lemma concession_ctl:
  assumes "concession e M"
  shows "ctl (pre e) \<subseteq> ctl M" "(ctl M - ctl (pre e)) \<inter> ctl (post e) = {}"
proof -
  show "ctl (pre e) \<subseteq> ctl M"
    using assms ctl_mono by (auto simp: concession_def)
  have "ctl ((M - pre e) \<inter> post e) = {}"
    using assms by (simp add: concession_def)
  then show "(ctl M - ctl (pre e)) \<inter> ctl (post e) = {}"
    by simp
qed

lemma markings_ne_Nil [simp]: "markings M es \<noteq> []"
  by (cases es) auto

lemma end_marking_Nil [simp]: "end_marking M [] = M"
  and end_marking_Cons [simp]: "end_marking M (e # es) = end_marking (fire e M) es"
  by (simp_all add: end_marking_def)

lemma end_marking_append: "end_marking M (a @ b) = end_marking (end_marking M a) b"
  by (induct a arbitrary: M) auto

lemma reachable_refl: "reachable E M0 M0"
  unfolding reachable_def by (rule exI[of _ "[]"]) simp

lemma reachable_fire:
  assumes "reachable E M0 M" "e \<in> E" "concession e M"
  shows "reachable E M0 (fire e M)"
proof -
  obtain es where "valid_seq E M0 es" "end_marking M0 es = M"
    using assms(1) by (auto simp: reachable_def)
  moreover have "valid_seq E M0 (es @ [e]) \<longleftrightarrow> valid_seq E M0 es \<and> valid_seq E (end_marking M0 es) [e]"
    by (induct es arbitrary: M0) auto
  ultimately show ?thesis
    using assms(2,3) unfolding reachable_def
    by (intro exI[of _ "es @ [e]"]) (simp add: end_marking_append)
qed

lemma P_rel_iff:
  "(c1, c2) \<in> P_rel K h N \<longleftrightarrow> (\<exists>a i. c1 = Tag1 a \<and> c2 = Tag2 i
     \<and> (a \<in> ctl (pre h) \<and> i \<in> Ini N \<or> a \<in> ctl (post h) \<and> i \<in> Ter N))"
  unfolding P_rel_def Pi_rel_def Pt_rel_def by auto

lemma glueR_Glue_iff:
  "Glue (Tag1 a) (Tag2 i) \<in> glueR (P_rel K h N) (Tag2 ` C) \<longleftrightarrow>
     i \<in> C \<and> (a \<in> ctl (pre h) \<and> i \<in> Ini N \<or> a \<in> ctl (post h) \<and> i \<in> Ter N)"
  unfolding glueR_def P_rel_iff by auto

lemma glueL_Glue_iff:
  "Glue (Tag1 a) (Tag2 i) \<in> glueL (P_rel K h N) (Tag1 ` C) \<longleftrightarrow>
     a \<in> C \<and> (a \<in> ctl (pre h) \<and> i \<in> Ini N \<or> a \<in> ctl (post h) \<and> i \<in> Ter N)"
  unfolding glueL_def P_rel_iff by auto

lemma glueR_Tag2_iff:
  assumes "ctl (pre h) \<noteq> {}" "ctl (post h) \<noteq> {}"
  shows "Tag2 c \<in> glueR (P_rel K h N) (Tag2 ` C) \<longleftrightarrow> c \<in> C \<and> c \<notin> Ini N \<and> c \<notin> Ter N"
  using assms unfolding glueR_def P_rel_iff by auto

lemma glueL_Tag1_iff:
  assumes "Ini N \<noteq> {}" "Ter N \<noteq> {}"
  shows "Tag1 c \<in> glueL (P_rel K h N) (Tag1 ` C) \<longleftrightarrow>
    c \<in> C \<and> c \<notin> ctl (pre h) \<and> c \<notin> ctl (post h)"
  using assms unfolding glueL_def P_rel_iff by auto

lemma glueR_cases:
  "x \<in> glueR (P_rel K h N) (Tag2 ` C) \<Longrightarrow> (\<exists>a i. x = Glue (Tag1 a) (Tag2 i)) \<or> (\<exists>c. x = Tag2 c)"
  unfolding glueR_def P_rel_iff by auto

lemma glueL_cases:
  "x \<in> glueL (P_rel K h N) (Tag1 ` C) \<Longrightarrow> (\<exists>a i. x = Glue (Tag1 a) (Tag2 i)) \<or> (\<exists>c. x = Tag1 c)"
  unfolding glueL_def P_rel_iff by auto

lemma Tag2_notin_glueL [simp]: "Tag2 c \<notin> glueL (P_rel K h N) (Tag1 ` C)"
  using glueL_cases by blast

lemma is_Ncond_Glue_iff:
  "is_Ncond K h N (Glue (Tag1 a) (Tag2 i)) \<longleftrightarrow>
     (a \<in> ctl (pre h) \<and> i \<in> Ini N \<or> a \<in> ctl (post h) \<and> i \<in> Ter N)"
  and is_Ncond_Tag2_iff: "is_Ncond K h N (Tag2 c) \<longleftrightarrow> c \<notin> Ini N \<and> c \<notin> Ter N"
  and not_is_Ncond_Tag1: "\<not> is_Ncond K h N (Tag1 c)"
  unfolding is_Ncond_def is_Ninternal_cond_def PiC_def PtC_def Pi_rel_def Pt_rel_def by auto

lemma is_Ncond_cases:
  "is_Ncond K h N x \<Longrightarrow> (\<exists>a i. x = Glue (Tag1 a) (Tag2 i)) \<or> (\<exists>c. x = Tag2 c)"
  unfolding is_Ncond_def is_Ninternal_cond_def PiC_def PtC_def Pi_rel_def Pt_rel_def by auto

lemma PiC_iff:
  "x \<in> PiC K h N \<longleftrightarrow> (\<exists>a i. x = Glue (Tag1 a) (Tag2 i) \<and> a \<in> ctl (pre h) \<and> i \<in> Ini N)"
  unfolding PiC_def Pi_rel_def by auto

lemma PtC_iff:
  "x \<in> PtC K h N \<longleftrightarrow> (\<exists>a i. x = Glue (Tag1 a) (Tag2 i) \<and> a \<in> ctl (post h) \<and> i \<in> Ter N)"
  unfolding PtC_def Pt_rel_def by auto

lemma CN_iff: "x \<in> CN K h N M \<longleftrightarrow> x \<in> ctl M \<and> is_Ncond K h N x"
  by (simp add: CN_def)

lemma CN_fire:
  "CN K h N (fire e M) = (CN K h N M - ctl (pre e)) \<union> {c \<in> ctl (post e). is_Ncond K h N c}"
  by (auto simp: CN_def ctl_fire)

lemma Nev_of_ctl [simp]:
  "ctl (pre (Nev_of K h N e)) = glueR (P_rel K h N) (Tag2 ` ctl (pre e))"
  "ctl (post (Nev_of K h N e)) = glueR (P_rel K h N) (Tag2 ` ctl (post e))"
  by (simp_all add: Nev_of_def)

lemma Kev_of_ctl [simp]:
  "ctl (pre (Kev_of K h N e)) = glueL (P_rel K h N) (Tag1 ` ctl (pre e))"
  "ctl (post (Kev_of K h N e)) = glueL (P_rel K h N) (Tag1 ` ctl (post e))"
  by (simp_all add: Kev_of_def)

abbreviation concat_pairs :: "('b list \<times> 'b list) list \<Rightarrow> 'b list" where
  "concat_pairs segs \<equiv> concat (map (\<lambda>(a, b). a @ b) segs)"

definition K_decomp :: "('a,'s) enet \<Rightarrow> ('a,'s) event \<Rightarrow> ('a,'s) enet \<Rightarrow> ('a,'s) marking
    \<Rightarrow> ('a,'s) event list \<Rightarrow> bool" where
  "K_decomp K h N M \<pi> \<longleftrightarrow> (\<exists>\<pi>0 segs. \<pi> = \<pi>0 @ concat_pairs segs
     \<and> form0 K h N M \<pi>0 \<and> form_star K h N (end_marking M \<pi>0) segs)"

text \<open>A form-\<Pi>_1 sequence without its conditions on the first marking and the first event.\<close>
definition N_tail :: "('a,'s) enet \<Rightarrow> ('a,'s) event \<Rightarrow> ('a,'s) enet \<Rightarrow> ('a,'s) marking
    \<Rightarrow> ('a,'s) event list \<Rightarrow> bool" where
  "N_tail K h N M \<alpha> \<longleftrightarrow> valid_seq (Ev (subst K h N)) M \<alpha> \<and> \<alpha> \<noteq> []
     \<and> (\<forall>M'\<in>set (markings M \<alpha>). is_Nmarking K h N M')
     \<and> (\<forall>e\<in>set \<alpha>. is_Kevent K h N e \<longrightarrow> \<not> touches e (PiC K h N \<union> PtC K h N))
     \<and> CN K h N (end_marking M \<alpha>) = PtC K h N \<and> is_Nevent K h N (last \<alpha>)"

definition N_decomp :: "('a,'s) enet \<Rightarrow> ('a,'s) event \<Rightarrow> ('a,'s) enet \<Rightarrow> ('a,'s) marking
    \<Rightarrow> ('a,'s) event list \<Rightarrow> bool" where
  "N_decomp K h N M \<pi> \<longleftrightarrow> (\<exists>\<alpha> \<beta> segs. \<pi> = \<alpha> @ \<beta> @ concat_pairs segs \<and> N_tail K h N M \<alpha>
     \<and> form0 K h N (end_marking M \<alpha>) \<beta> \<and> form_star K h N (end_marking M (\<alpha> @ \<beta>)) segs)"

lemma K_decomp_Nil: "is_Kmarking K h N M \<Longrightarrow> K_decomp K h N M []"
  unfolding K_decomp_def form0_def by (intro exI[of _ "[]"]) simp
┄┄┄┄┄┄
(To do):
Take the listing from its first line to the line containing "i \<in> C \<and>". Reproduce those lines exactly and nothing else.

(Answer):
lemma concession_ctl:
  assumes "concession e M"
  shows "ctl (pre e) \<subseteq> ctl M" "(ctl M - ctl (pre e)) \<inter> ctl (post e) = {}"
proof -
  show "ctl (pre e) \<subseteq> ctl M"
    using assms ctl_mono by (auto simp: concession_def)
  have "ctl ((M - pre e) \<inter> post e) = {}"
    using assms by (simp add: concession_def)
  then show "(ctl M - ctl (pre e)) \<inter> ctl (post e) = {}"
    by simp
qed

lemma markings_ne_Nil [simp]: "markings M es \<noteq> []"
  by (cases es) auto

lemma end_marking_Nil [simp]: "end_marking M [] = M"
  and end_marking_Cons [simp]: "end_marking M (e # es) = end_marking (fire e M) es"
  by (simp_all add: end_marking_def)

lemma end_marking_append: "end_marking M (a @ b) = end_marking (end_marking M a) b"
  by (induct a arbitrary: M) auto

lemma reachable_refl: "reachable E M0 M0"
  unfolding reachable_def by (rule exI[of _ "[]"]) simp

lemma reachable_fire:
  assumes "reachable E M0 M" "e \<in> E" "concession e M"
  shows "reachable E M0 (fire e M)"
proof -
  obtain es where "valid_seq E M0 es" "end_marking M0 es = M"
    using assms(1) by (auto simp: reachable_def)
  moreover have "valid_seq E M0 (es @ [e]) \<longleftrightarrow> valid_seq E M0 es \<and> valid_seq E (end_marking M0 es) [e]"
    by (induct es arbitrary: M0) auto
  ultimately show ?thesis
    using assms(2,3) unfolding reachable_def
    by (intro exI[of _ "es @ [e]"]) (simp add: end_marking_append)
qed

lemma P_rel_iff:
  "(c1, c2) \<in> P_rel K h N \<longleftrightarrow> (\<exists>a i. c1 = Tag1 a \<and> c2 = Tag2 i
     \<and> (a \<in> ctl (pre h) \<and> i \<in> Ini N \<or> a \<in> ctl (post h) \<and> i \<in> Ter N))"
  unfolding P_rel_def Pi_rel_def Pt_rel_def by auto

lemma glueR_Glue_iff:
  "Glue (Tag1 a) (Tag2 i) \<in> glueR (P_rel K h N) (Tag2 ` C) \<longleftrightarrow>
     i \<in> C \<and> (a \<in> ctl (pre h) \<and> i \<in> Ini N \<or> a \<in> ctl (post h) \<and> i \<in> Ter N)"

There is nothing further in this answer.